▸ **Entries supplied**
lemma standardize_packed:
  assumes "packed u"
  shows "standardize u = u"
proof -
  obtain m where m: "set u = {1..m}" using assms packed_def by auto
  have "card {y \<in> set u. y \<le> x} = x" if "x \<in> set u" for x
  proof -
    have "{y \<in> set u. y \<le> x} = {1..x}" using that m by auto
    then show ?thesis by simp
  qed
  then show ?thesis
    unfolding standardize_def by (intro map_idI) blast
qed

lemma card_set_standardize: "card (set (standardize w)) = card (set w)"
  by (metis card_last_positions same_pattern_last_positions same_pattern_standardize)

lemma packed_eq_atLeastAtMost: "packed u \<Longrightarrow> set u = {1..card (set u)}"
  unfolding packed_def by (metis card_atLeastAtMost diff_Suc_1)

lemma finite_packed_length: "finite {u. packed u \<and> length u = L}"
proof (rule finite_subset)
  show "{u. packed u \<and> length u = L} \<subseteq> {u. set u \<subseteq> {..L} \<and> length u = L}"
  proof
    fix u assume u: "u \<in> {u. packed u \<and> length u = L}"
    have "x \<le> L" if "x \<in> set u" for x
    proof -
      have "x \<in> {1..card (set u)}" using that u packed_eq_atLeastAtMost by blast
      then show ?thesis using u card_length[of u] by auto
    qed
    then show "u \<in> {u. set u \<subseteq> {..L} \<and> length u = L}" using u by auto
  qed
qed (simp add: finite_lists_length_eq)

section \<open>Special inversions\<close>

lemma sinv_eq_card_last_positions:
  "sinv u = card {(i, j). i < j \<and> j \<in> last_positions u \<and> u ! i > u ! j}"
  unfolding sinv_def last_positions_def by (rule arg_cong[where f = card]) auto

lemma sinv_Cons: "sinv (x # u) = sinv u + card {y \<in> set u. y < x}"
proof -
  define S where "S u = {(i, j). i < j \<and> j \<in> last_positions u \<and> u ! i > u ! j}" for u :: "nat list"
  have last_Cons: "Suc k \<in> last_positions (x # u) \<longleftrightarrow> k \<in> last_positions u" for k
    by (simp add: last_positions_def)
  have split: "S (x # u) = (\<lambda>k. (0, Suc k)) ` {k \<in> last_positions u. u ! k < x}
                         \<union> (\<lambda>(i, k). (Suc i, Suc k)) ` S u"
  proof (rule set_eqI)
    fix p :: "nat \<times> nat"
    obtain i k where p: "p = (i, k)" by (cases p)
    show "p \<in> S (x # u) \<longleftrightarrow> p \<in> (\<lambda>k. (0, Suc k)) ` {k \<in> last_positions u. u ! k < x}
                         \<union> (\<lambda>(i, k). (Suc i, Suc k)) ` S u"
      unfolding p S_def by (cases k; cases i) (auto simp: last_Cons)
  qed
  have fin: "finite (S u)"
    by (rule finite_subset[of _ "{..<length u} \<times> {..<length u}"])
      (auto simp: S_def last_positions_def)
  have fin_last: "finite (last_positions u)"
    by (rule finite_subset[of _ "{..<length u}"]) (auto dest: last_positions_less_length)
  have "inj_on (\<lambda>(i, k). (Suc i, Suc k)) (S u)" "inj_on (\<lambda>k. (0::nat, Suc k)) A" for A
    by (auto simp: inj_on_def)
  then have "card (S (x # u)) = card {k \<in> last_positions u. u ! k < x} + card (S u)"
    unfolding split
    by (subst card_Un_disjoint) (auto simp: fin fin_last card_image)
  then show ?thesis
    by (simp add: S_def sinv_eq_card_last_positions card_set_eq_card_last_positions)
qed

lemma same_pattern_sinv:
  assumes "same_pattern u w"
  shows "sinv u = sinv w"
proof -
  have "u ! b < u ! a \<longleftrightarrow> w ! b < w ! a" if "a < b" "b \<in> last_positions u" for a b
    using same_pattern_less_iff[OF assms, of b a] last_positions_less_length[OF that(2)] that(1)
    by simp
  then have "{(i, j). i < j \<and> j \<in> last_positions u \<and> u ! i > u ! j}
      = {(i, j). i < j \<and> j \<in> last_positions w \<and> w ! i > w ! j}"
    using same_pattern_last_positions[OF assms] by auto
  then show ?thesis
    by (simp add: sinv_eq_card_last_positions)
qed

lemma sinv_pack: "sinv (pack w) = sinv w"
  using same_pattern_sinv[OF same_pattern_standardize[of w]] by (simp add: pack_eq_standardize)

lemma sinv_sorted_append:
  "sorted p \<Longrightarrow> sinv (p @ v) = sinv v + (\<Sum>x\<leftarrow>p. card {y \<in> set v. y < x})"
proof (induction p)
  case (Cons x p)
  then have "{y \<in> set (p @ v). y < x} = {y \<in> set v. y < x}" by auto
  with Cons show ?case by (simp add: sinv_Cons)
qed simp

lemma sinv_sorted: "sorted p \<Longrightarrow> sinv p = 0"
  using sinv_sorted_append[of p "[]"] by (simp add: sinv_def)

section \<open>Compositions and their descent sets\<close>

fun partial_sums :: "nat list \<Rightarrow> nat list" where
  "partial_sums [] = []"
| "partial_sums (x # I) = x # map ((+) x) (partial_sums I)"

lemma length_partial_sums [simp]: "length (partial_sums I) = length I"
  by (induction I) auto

==

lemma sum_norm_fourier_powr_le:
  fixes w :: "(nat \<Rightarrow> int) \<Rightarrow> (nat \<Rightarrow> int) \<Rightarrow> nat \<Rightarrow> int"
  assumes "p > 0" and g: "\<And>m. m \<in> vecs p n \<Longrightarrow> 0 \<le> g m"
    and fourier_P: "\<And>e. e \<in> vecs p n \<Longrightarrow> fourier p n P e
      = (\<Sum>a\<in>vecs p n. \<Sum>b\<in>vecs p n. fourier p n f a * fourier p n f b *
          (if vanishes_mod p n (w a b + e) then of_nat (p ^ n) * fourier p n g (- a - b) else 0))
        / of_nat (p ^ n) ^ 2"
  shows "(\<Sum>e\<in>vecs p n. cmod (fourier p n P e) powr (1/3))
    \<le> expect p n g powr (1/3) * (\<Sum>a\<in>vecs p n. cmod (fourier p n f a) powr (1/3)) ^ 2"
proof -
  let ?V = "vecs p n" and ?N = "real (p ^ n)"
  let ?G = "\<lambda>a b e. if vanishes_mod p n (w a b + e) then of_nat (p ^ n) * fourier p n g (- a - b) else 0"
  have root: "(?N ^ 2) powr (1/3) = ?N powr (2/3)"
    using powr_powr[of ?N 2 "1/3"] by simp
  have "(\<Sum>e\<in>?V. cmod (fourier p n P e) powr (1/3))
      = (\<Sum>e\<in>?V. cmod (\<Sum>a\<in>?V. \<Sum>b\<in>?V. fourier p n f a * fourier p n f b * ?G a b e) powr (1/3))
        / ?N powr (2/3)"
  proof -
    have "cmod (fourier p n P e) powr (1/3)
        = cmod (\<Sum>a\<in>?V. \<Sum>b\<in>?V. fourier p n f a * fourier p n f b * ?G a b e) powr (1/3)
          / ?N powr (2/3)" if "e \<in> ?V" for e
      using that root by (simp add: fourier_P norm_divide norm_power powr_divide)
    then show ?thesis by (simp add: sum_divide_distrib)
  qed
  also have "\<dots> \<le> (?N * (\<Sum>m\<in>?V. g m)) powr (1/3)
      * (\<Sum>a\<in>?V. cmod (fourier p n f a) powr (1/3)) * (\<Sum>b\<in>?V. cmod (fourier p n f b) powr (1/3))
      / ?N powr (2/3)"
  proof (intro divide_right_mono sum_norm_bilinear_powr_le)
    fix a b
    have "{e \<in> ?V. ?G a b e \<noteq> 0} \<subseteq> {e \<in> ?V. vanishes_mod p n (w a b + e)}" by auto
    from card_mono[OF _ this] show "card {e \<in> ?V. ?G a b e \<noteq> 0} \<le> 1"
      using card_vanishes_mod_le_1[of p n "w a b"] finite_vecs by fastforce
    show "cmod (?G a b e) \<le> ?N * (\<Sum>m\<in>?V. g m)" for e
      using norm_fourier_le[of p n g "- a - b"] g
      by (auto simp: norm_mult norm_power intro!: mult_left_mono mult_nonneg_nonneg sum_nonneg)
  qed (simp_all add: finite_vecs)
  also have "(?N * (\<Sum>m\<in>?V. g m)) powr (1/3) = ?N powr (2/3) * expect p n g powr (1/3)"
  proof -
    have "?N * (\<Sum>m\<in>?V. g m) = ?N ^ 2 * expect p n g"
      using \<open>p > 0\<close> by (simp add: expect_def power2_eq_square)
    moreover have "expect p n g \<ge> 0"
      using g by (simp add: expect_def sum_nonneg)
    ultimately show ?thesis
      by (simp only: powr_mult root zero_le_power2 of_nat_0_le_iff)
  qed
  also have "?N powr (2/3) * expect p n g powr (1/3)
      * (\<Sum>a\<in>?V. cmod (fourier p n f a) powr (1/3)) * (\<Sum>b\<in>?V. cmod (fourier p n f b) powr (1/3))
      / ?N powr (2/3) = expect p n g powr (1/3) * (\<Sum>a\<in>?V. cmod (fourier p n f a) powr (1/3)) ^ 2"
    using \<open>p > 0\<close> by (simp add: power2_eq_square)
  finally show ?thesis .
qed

▸ **The task**
Set down, exactly as they stand above, the lines starting with the line with "from card_mono[OF _" and going on through the line with "using \<open>p > 0\<close> by (simp add: expect_def", and no others.

▸ **Output of the exercise**
    from card_mono[OF _ this] show "card {e \<in> ?V. ?G a b e \<noteq> 0} \<le> 1"
      using card_vanishes_mod_le_1[of p n "w a b"] finite_vecs by fastforce
    show "cmod (?G a b e) \<le> ?N * (\<Sum>m\<in>?V. g m)" for e
      using norm_fourier_le[of p n g "- a - b"] g
      by (auto simp: norm_mult norm_power intro!: mult_left_mono mult_nonneg_nonneg sum_nonneg)
  qed (simp_all add: finite_vecs)
  also have "(?N * (\<Sum>m\<in>?V. g m)) powr (1/3) = ?N powr (2/3) * expect p n g powr (1/3)"
  proof -
    have "?N * (\<Sum>m\<in>?V. g m) = ?N ^ 2 * expect p n g"
      using \<open>p > 0\<close> by (simp add: expect_def power2_eq_square)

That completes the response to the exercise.